The thirteenth season of American Idol, styled as American Idol XIII, premiered on the Fox television network on January 15, 2014. Ryan Seacrest returned as host for his thirteenth season. Keith Urban was the only judge from the twelfth season to return. Former judge Jennifer Lopez, who returned after a one-season absence, and new judge and Harry Connick Jr. both joined the judging panel following the departures of Mariah Carey, Nicki Minaj, and Randy Jackson, though Jackson returned as a mentor, replacing Jimmy Iovine.

On May 21, Caleb Johnson was announced the winner and Jena Irene was the runner-up.

Changes

There were a number of other major changes in the season, from the judges to the format of the show itself including the opening intro, which used the "Gyroscope 2.0". On May 9, 2013, Randy Jackson announced that he would no longer serve as a judge. On May 30, 2013, Mariah Carey and Nicki Minaj also announced they would not return to the judging panel. On August 1, 2013, it was confirmed that Keith Urban would return as a judge for another season. Executive producers Nigel Lythgoe and Ken Warwick were succeeded by Per Blankens, previously of Idol, the Swedish version of the Idols format.

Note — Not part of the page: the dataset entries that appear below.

(* For all $x \in \mathcal{X}$ and $y \in \mathcal{Y}$, $P_{Y|X}(y|x) = P^{(k^* )}_{Y|X}(y|x)$, and consequently $\hat y^{(k^* )}(x) = \hat y_{\mathrm{MAP}}(x)$, where $\hat y_{\mathrm{MAP}}(x) = \arg\max_{y \in \mathcal{Y}} P_{Y|X}(y|x)$.
   Context: $X, Y$ are random variables on finite alphabets with joint distribution $P_{X,Y}$. By the modal decomposition, $P_{X,Y}(x,y) = P_X(x) P_Y(y)\left(1 + \sum_{i=1}^K \sigma_i f_i^*(x) g_i^*(y)\right)$ with $\sigma_1 \ge \dots \ge \sigma_K > 0$ and $\mathbb{E}[f_i^*(X) f_j^*(X)] = \mathbb{E}[g_i^*(Y) g_j^*(Y)] = \mathbb{1}\{i=j\}$; let $f^* = (f_1^*,\dots,f_K^* )^T$. The maximal correlation kernel is $k^*(x,x') = f^{*T}(x)\Lambda_{f^*}^{-1} f^*(x')$, the projection kernel of $\mathrm{span}\{f^*\}$, where $\Lambda_{f^*} = \mathbb{E}[f^*(X) f^{*T}(X)]$. For a kernel $k$, the centered kernel is $\tilde k(x,x') = k(x,x') - \bar k(x) - \bar k(x') + \mathbb{E}_{P_X}[\bar k(X)]$ with $\bar k(x) = \mathbb{E}_{P_X}[k(X,x)]$; the kernelized discriminative model is $P^{(k)}_{Y|X}(y|x) = P_Y(y)\left(1 + \mathbb{E}[\tilde k(X, x) \mid Y = y]\right)$, and $\hat y^{(k)}(x) = \arg\max_{y} P^{(k)}_{Y|X}(y|x)$. *)

theory Defs
  imports "HOL-Analysis.Analysis" "Jordan_Normal_Form.Gauss_Jordan_Elimination"
begin

definition margX :: "('x::finite \<Rightarrow> 'y::finite \<Rightarrow> real) \<Rightarrow> 'x \<Rightarrow> real" where
  "margX P x = (\<Sum>y\<in>UNIV. P x y)"

definition margY :: "('x::finite \<Rightarrow> 'y::finite \<Rightarrow> real) \<Rightarrow> 'y \<Rightarrow> real" where
  "margY P y = (\<Sum>x\<in>UNIV. P x y)"

definition expX :: "('x::finite \<Rightarrow> 'y::finite \<Rightarrow> real) \<Rightarrow> ('x \<Rightarrow> real) \<Rightarrow> real" where
  "expX P h = (\<Sum>x\<in>UNIV. margX P x * h x)"

definition expY :: "('x::finite \<Rightarrow> 'y::finite \<Rightarrow> real) \<Rightarrow> ('y \<Rightarrow> real) \<Rightarrow> real" where
  "expY P h = (\<Sum>y\<in>UNIV. margY P y * h y)"

definition condExpX :: "('x::finite \<Rightarrow> 'y::finite \<Rightarrow> real) \<Rightarrow> ('x \<Rightarrow> real) \<Rightarrow> 'y \<Rightarrow> real" where
  "condExpX P h y = (\<Sum>x\<in>UNIV. P x y / margY P y * h x)"

definition condYX :: "('x::finite \<Rightarrow> 'y::finite \<Rightarrow> real) \<Rightarrow> 'y \<Rightarrow> 'x \<Rightarrow> real" where
  "condYX P y x = P x y / margX P x"

(* Modal decomposition of P with K modes, singular values \<sigma>_1..\<sigma>_K (indexed 0..K-1),
   and feature functions f_i, g_i *)
definition modal_decomposition ::
  "('x::finite \<Rightarrow> 'y::finite \<Rightarrow> real) \<Rightarrow> nat \<Rightarrow> (nat \<Rightarrow> real) \<Rightarrow> (nat \<Rightarrow> 'x \<Rightarrow> real)
     \<Rightarrow> (nat \<Rightarrow> 'y \<Rightarrow> real) \<Rightarrow> bool" where
  "modal_decomposition P K \<sigma> f g \<longleftrightarrow>
     (\<forall>x y. P x y = margX P x * margY P y * (1 + (\<Sum>i<K. \<sigma> i * f i x * g i y))) \<and>
     (\<forall>i j. i \<le> j \<longrightarrow> j < K \<longrightarrow> \<sigma> j \<le> \<sigma> i) \<and>
     (\<forall>i<K. \<sigma> i > 0) \<and>
     (\<forall>i<K. \<forall>j<K. expX P (\<lambda>x. f i x * f j x) = (if i = j then 1 else 0)) \<and>
     (\<forall>i<K. \<forall>j<K. expY P (\<lambda>y. g i y * g j y) = (if i = j then 1 else 0))"

definition Lambda_f :: "('x::finite \<Rightarrow> 'y::finite \<Rightarrow> real) \<Rightarrow> nat \<Rightarrow> (nat \<Rightarrow> 'x \<Rightarrow> real) \<Rightarrow> real mat" where
  "Lambda_f P K f = mat K K (\<lambda>(i, j). expX P (\<lambda>x. f i x * f j x))"

definition feat_vec :: "nat \<Rightarrow> (nat \<Rightarrow> 'x \<Rightarrow> real) \<Rightarrow> 'x \<Rightarrow> real vec" where
  "feat_vec K f x = vec K (\<lambda>i. f i x)"

definition max_corr_kernel ::
  "('x::finite \<Rightarrow> 'y::finite \<Rightarrow> real) \<Rightarrow> nat \<Rightarrow> (nat \<Rightarrow> 'x \<Rightarrow> real) \<Rightarrow> 'x \<Rightarrow> 'x \<Rightarrow> real" where
  "max_corr_kernel P K f x x' =
     feat_vec K f x \<bullet> (the (mat_inverse (Lambda_f P K f)) *\<^sub>v feat_vec K f x')"

definition kbar :: "('x::finite \<Rightarrow> 'y::finite \<Rightarrow> real) \<Rightarrow> ('x \<Rightarrow> 'x \<Rightarrow> real) \<Rightarrow> 'x \<Rightarrow> real" where
  "kbar P k x = expX P (\<lambda>x0. k x0 x)"

definition centered_kernel ::
  "('x::finite \<Rightarrow> 'y::finite \<Rightarrow> real) \<Rightarrow> ('x \<Rightarrow> 'x \<Rightarrow> real) \<Rightarrow> 'x \<Rightarrow> 'x \<Rightarrow> real" where
  "centered_kernel P k x x' = k x x' - kbar P k x - kbar P k x' + expX P (kbar P k)"

definition kernel_model ::
  "('x::finite \<Rightarrow> 'y::finite \<Rightarrow> real) \<Rightarrow> ('x \<Rightarrow> 'x \<Rightarrow> real) \<Rightarrow> 'y \<Rightarrow> 'x \<Rightarrow> real" where
  "kernel_model P k y x = margY P y * (1 + condExpX P (\<lambda>x0. centered_kernel P k x0 x) y)"

definition argmax_set :: "('y \<Rightarrow> real) \<Rightarrow> 'y set" where
  "argmax_set Q = {y. \<forall>y'. Q y' \<le> Q y}"

end

theory Submission
  imports Defs
begin

text \<open>Orthonormality makes \<open>\<Lambda>\<^sub>f\<close> the identity, so \<open>k*(x,x') = \<Sum>\<^sub>i f\<^sub>i(x) f\<^sub>i(x')\<close>.
  The decomposition says that, given \<open>Y = y\<close>, the law of \<open>X\<close> has density
  \<open>1 + \<Sum>\<^sub>i \<sigma>\<^sub>i f\<^sub>i(x) g\<^sub>i(y)\<close> with respect to \<open>P\<^sub>X\<close>. Taking the conditional mean of the
  constant \<open>1\<close> and using orthonormality of the \<open>g\<^sub>i\<close> shows that every \<open>f\<^sub>i\<close> is centred,
  so \<open>k*\<close> is its own centred kernel; taking the conditional mean of \<open>f\<^sub>i\<close> gives
  \<open>E[f\<^sub>i(X) | Y = y] = \<sigma>\<^sub>i g\<^sub>i(y)\<close>. Substituting, the kernel model is the decomposition
  divided by \<open>P\<^sub>X(x)\<close>, i.e. the true posterior.\<close>

lemma mat_inverse_one: "the (mat_inverse (1\<^sub>m n :: 'a :: field mat)) = 1\<^sub>m n"
proof -
  have "(1\<^sub>m n :: 'a mat) \<in> Units (ring_mat TYPE('a) n ())"
    unfolding Units_def by (auto simp: ring_mat_simps intro!: bexI[of _ "1\<^sub>m n"])
  then obtain B where B: "mat_inverse (1\<^sub>m n :: 'a mat) = Some B"
    using mat_inverse(1)[of "1\<^sub>m n :: 'a mat" n "()"] by fastforce
  then have "1\<^sub>m n * B = 1\<^sub>m n" "B \<in> carrier_mat n n"
    using mat_inverse(2)[OF one_carrier_mat] by auto
  with B show ?thesis by simp
qed

lemma expX_sum: "expX P (\<lambda>x. \<Sum>i\<in>I. h i x) = (\<Sum>i\<in>I. expX P (h i))"
  unfolding expX_def by (simp add: sum_distrib_left sum.swap[of _ I])

lemma expX_mult_left: "expX P (\<lambda>x. c * h x) = c * expX P h"
  unfolding expX_def by (simp add: sum_distrib_left mult.left_commute)

lemma expX_mult_right: "expX P (\<lambda>x. h x * c) = expX P h * c"
  unfolding expX_def by (simp add: sum_distrib_right mult.assoc)

lemma expX_add: "expX P (\<lambda>x. h x + h' x) = expX P h + expX P h'"
  unfolding expX_def by (simp add: distrib_left sum.distrib)

lemma expX_const: "expX P (\<lambda>_. c) = c * (\<Sum>x\<in>UNIV. \<Sum>y\<in>UNIV. P x y)"
  unfolding expX_def margX_def by (simp add: sum_distrib_left mult_ac)

lemma expY_sum: "expY P (\<lambda>y. \<Sum>i\<in>I. h i y) = (\<Sum>i\<in>I. expY P (h i))"
  unfolding expY_def by (simp add: sum_distrib_left sum.swap[of _ I])

lemma expY_mult_left: "expY P (\<lambda>y. c * h y) = c * expY P h"
  unfolding expY_def by (simp add: sum_distrib_left mult.left_commute)

lemma condExpX_sum: "condExpX P (\<lambda>x. \<Sum>i\<in>I. h i x) y = (\<Sum>i\<in>I. condExpX P (h i) y)"
  unfolding condExpX_def by (simp add: sum_distrib_left sum.swap[of _ I])

lemma condExpX_mult_right: "condExpX P (\<lambda>x. h x * c) y = condExpX P h y * c"
  unfolding condExpX_def by (simp add: sum_distrib_right mult.assoc)

lemma condExpX_one: "margY P y \<noteq> 0 \<Longrightarrow> condExpX P (\<lambda>_. 1) y = 1"
  unfolding condExpX_def by (simp add: margY_def flip: sum_divide_distrib)

lemma Lambda_f_orthonormal:
  assumes "\<And>i j. i < K \<Longrightarrow> j < K \<Longrightarrow> expX P (\<lambda>x. f i x * f j x) = (if i = j then 1 else 0)"
  shows "Lambda_f P K f = 1\<^sub>m K"
  unfolding Lambda_f_def by (rule eq_matI) (auto simp: assms)

lemma max_corr_kernel_orthonormal:
  assumes "\<And>i j. i < K \<Longrightarrow> j < K \<Longrightarrow> expX P (\<lambda>x. f i x * f j x) = (if i = j then 1 else 0)"
  shows "max_corr_kernel P K f x x' = (\<Sum>i<K. f i x * f i x')"
proof -
  have "Lambda_f P K f = 1\<^sub>m K"
    using assms by (rule Lambda_f_orthonormal)
  then have "the (mat_inverse (Lambda_f P K f)) = 1\<^sub>m K"
    by (simp add: mat_inverse_one)
  then show ?thesis
    unfolding max_corr_kernel_def feat_vec_def by (simp add: scalar_prod_def lessThan_atLeast0)
qed

lemma centered_kernel_eq_self:
  assumes "\<And>x. kbar P k x = 0"
  shows "centered_kernel P k = k"
  using assms by (intro ext) (simp add: centered_kernel_def expX_def)

lemma
  assumes "modal_decomposition P K \<sigma> f g"
  shows modal_decomposition_eq:
      "P x y = margX P x * margY P y * (1 + (\<Sum>i<K. \<sigma> i * f i x * g i y))"
    and modal_decomposition_pos: "i < K \<Longrightarrow> \<sigma> i > 0"
    and modal_decomposition_orthonormal_f:
      "i < K \<Longrightarrow> j < K \<Longrightarrow> expX P (\<lambda>x. f i x * f j x) = (if i = j then 1 else 0)"
    and modal_decomposition_orthonormal_g:
      "i < K \<Longrightarrow> j < K \<Longrightarrow> expY P (\<lambda>y. g i y * g j y) = (if i = j then 1 else 0)"
  using assms unfolding modal_decomposition_def by simp_all
lemma modal_decomposition_condExpX:
  assumes modal: "modal_decomposition P K \<sigma> f g" and "margY P y \<noteq> 0"
  shows "condExpX P h y = expX P h + (\<Sum>i<K. \<sigma> i * g i y * expX P (\<lambda>x. f i x * h x))"
proof -
  have "P x y / margY P y * h x = margX P x * (h x + (\<Sum>i<K. \<sigma> i * g i y * (f i x * h x)))" for x
  proof -
    have "P x y / margY P y * h x = margX P x * (1 + (\<Sum>i<K. \<sigma> i * f i x * g i y)) * h x"
      using \<open>margY P y \<noteq> 0\<close> by (simp add: modal_decomposition_eq[OF modal])
    also have "\<dots> = margX P x * (h x + (\<Sum>i<K. \<sigma> i * g i y * (f i x * h x)))"
      by (simp add: ring_distribs sum_distrib_left sum_distrib_right mult_ac)
    finally show ?thesis .
  qed
  then have "condExpX P h y = expX P (\<lambda>x. h x + (\<Sum>i<K. \<sigma> i * g i y * (f i x * h x)))"
    unfolding condExpX_def expX_def by simp
  then show ?thesis
    by (simp add: expX_add expX_sum expX_mult_left)
qed

lemma modal_decomposition_mean_zero:
  assumes modal: "modal_decomposition P K \<sigma> f g"
    and total: "(\<Sum>x\<in>UNIV. \<Sum>y\<in>UNIV. P x y) = 1"
    and margY_nz: "\<And>y. margY P y \<noteq> 0"
    and "j < K"
  shows "expX P (f j) = 0"
proof -
  have balance: "(\<Sum>i<K. \<sigma> i * g i y * expX P (f i)) = 0" for y
    using modal_decomposition_condExpX[OF modal margY_nz, of "\<lambda>_. 1"]
    by (simp add: condExpX_one[OF margY_nz] expX_const total)
  have "0 = expY P (\<lambda>y. g j y * (\<Sum>i<K. \<sigma> i * g i y * expX P (f i)))"
    by (simp add: balance expY_def)
  also have "\<dots> = expY P (\<lambda>y. \<Sum>i<K. \<sigma> i * expX P (f i) * (g i y * g j y))"
    by (simp add: sum_distrib_left mult_ac)
  also have "\<dots> = (\<Sum>i<K. \<sigma> i * expX P (f i) * expY P (\<lambda>y. g i y * g j y))"
    by (simp add: expY_sum expY_mult_left)
  also have "\<dots> = (\<Sum>i<K. if i = j then \<sigma> j * expX P (f j) else 0)"
    by (intro sum.cong) (simp_all add: modal_decomposition_orthonormal_g[OF modal] \<open>j < K\<close>)
  also have "\<dots> = \<sigma> j * expX P (f j)"
    using \<open>j < K\<close> by simp
  finally show ?thesis
    using modal_decomposition_pos[OF modal \<open>j < K\<close>] by simp
qed

lemma modal_decomposition_condExpX_feature:
  assumes modal: "modal_decomposition P K \<sigma> f g"
    and total: "(\<Sum>x\<in>UNIV. \<Sum>y\<in>UNIV. P x y) = 1"
    and margY_nz: "\<And>y. margY P y \<noteq> 0"
    and "j < K"
  shows "condExpX P (f j) y = \<sigma> j * g j y"
proof -
  have "condExpX P (f j) y = (\<Sum>i<K. \<sigma> i * g i y * expX P (\<lambda>x. f i x * f j x))"
    using modal_decomposition_condExpX[OF modal margY_nz]
    by (simp add: modal_decomposition_mean_zero[OF assms])
  also have "\<dots> = (\<Sum>i<K. if i = j then \<sigma> j * g j y else 0)"
    by (intro sum.cong) (simp_all add: modal_decomposition_orthonormal_f[OF modal] \<open>j < K\<close>)
  finally show ?thesis
    using \<open>j < K\<close> by simp
qed

lemma modal_decomposition_kernel_model:
  assumes modal: "modal_decomposition P K \<sigma> f g"
    and total: "(\<Sum>x\<in>UNIV. \<Sum>y\<in>UNIV. P x y) = 1"
    and margX_nz: "margX P x \<noteq> 0"
    and margY_nz: "\<And>y. margY P y \<noteq> 0"
  shows "kernel_model P (max_corr_kernel P K f) y x = condYX P y x"
proof -
  have kernel: "max_corr_kernel P K f = (\<lambda>x0 x. \<Sum>i<K. f i x0 * f i x)"
    using modal_decomposition_orthonormal_f[OF modal]
    by (intro ext max_corr_kernel_orthonormal)
  have "kbar P (max_corr_kernel P K f) x' = 0" for x'
    unfolding kbar_def kernel
    by (simp add: expX_sum expX_mult_right modal_decomposition_mean_zero[OF modal total margY_nz])
  then have centered: "centered_kernel P (max_corr_kernel P K f) = (\<lambda>x0 x. \<Sum>i<K. f i x0 * f i x)"
    unfolding kernel by (rule centered_kernel_eq_self)
  have "condExpX P (\<lambda>x0. centered_kernel P (max_corr_kernel P K f) x0 x) y
      = (\<Sum>i<K. \<sigma> i * f i x * g i y)"
    unfolding centered
    by (simp add: condExpX_sum condExpX_mult_right
        modal_decomposition_condExpX_feature[OF modal total margY_nz] mult_ac)
  then show ?thesis
    using margX_nz
    by (simp add: kernel_model_def condYX_def modal_decomposition_eq[OF modal, of x y])
qed

theorem mainTheorem4:
  fixes P :: "'x::finite \<Rightarrow> 'y::finite \<Rightarrow> real"
    and K :: nat and \<sigma> :: "nat \<Rightarrow> real"
    and f :: "nat \<Rightarrow> 'x \<Rightarrow> real" and g :: "nat \<Rightarrow> 'y \<Rightarrow> real"
  assumes nonneg: "\<And>x y. P x y \<ge> 0"
    and total: "(\<Sum>x\<in>UNIV. \<Sum>y\<in>UNIV. P x y) = 1"
    and posX: "\<And>x. margX P x > 0"
    and posY: "\<And>y. margY P y > 0"
    and modal: "modal_decomposition P K \<sigma> f g"
  shows "(\<forall>x y. condYX P y x = kernel_model P (max_corr_kernel P K f) y x) \<and>
         (\<forall>x. argmax_set (\<lambda>y. kernel_model P (max_corr_kernel P K f) y x)
               = argmax_set (\<lambda>y. condYX P y x))"
proof -
  have margY_nz: "margY P y \<noteq> 0" for y
    using posY[of y] by simp
  have "kernel_model P (max_corr_kernel P K f) y x = condYX P y x" for x y
    using modal_decomposition_kernel_model[OF modal total _ margY_nz] posX[of x] by simp
  then show ?thesis
    by simp
qed

end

On June 25, 2013, it was confirmed that producers Jesse Ignjatovic and Evan Prager would join Blankens as executive producers of the show.  Bill DeRonde replaced Warwick as a director of the audition episodes, and Louis J. Horvitz also replaced Gregg Gelfand as a director of the show, who had been directing since the sixth season. Fox television executive Mike Darnell who helped launch American Idol in 2002 left as programming head of Fox, and Fox Sports executive David Hill was hired to oversee the series.  Rickey Minor returned to the show as musical director after having left at the end of the ninth season to go to The Tonight Show with Jay Leno.

In August 2013, Jennifer Lopez's boyfriend Casper Smart stated Lopez would be returning as an American Idol judge. On August 22, 2013, it was reported that Jimmy Iovine would not return as the in-house mentor for this season, but he is to be replaced by former judge Randy Jackson. On August 30, 2013, The Hollywood Reporter wrote that Harry Connick Jr. signed a deal to join the panel as the third judge and that Simon Fuller held a party the night before with all three judges on hand to toast the forthcoming announcement. On September 3, 2013, Lopez and Connick Jr. were officially announced as judges for this season along with the confirmation of Jackson being the new mentor. Lopez is the first American Idol judge to return after leaving at the end of the eleventh season. It was also later reported that Idol alumni Adam Lambert and Chris Daughtry would be assisting Jackson in mentoring the contestants.

In a rules change from past seasons, semifinalists from the twelfth season (but not previous seasons) who were not in the top 10, nor on the tour and the age limit past above 28, were eligible to return, provided they met all other requirements. This season the viewers may also vote for their favorite contestants via Google Search, bringing the total number of ways the viewers can vote to five (the other four methods were by phone, texting, supervote online on americanidol.com and with American Idol App on mobile devices), with the number of votes limited to 50 for each method of voting. This season AT&T ended their sponsorship and it is therefore possible to text-vote with other service providers. Idol teamed up with Facebook to present "on-air visualizations" showing real-time East Coast voting developments, including live "demographic voting trends and relative contestant rankings".  Voting may also start as soon as the performance shows start this season, and real time vote rankings were shown while the show is still in progress, and each contestant were assigned the same telephone number all through the competition.

Regional auditions
Auditions took place in the following cities:

In addition, special audition bus tours were held in Little Rock, Arkansas; Oxford, Mississippi; Tuscaloosa, Alabama; Knoxville, Tennessee; and Winston-Salem, North Carolina.  Those chosen proceeded on to Salt Lake City to audition in front of the judges.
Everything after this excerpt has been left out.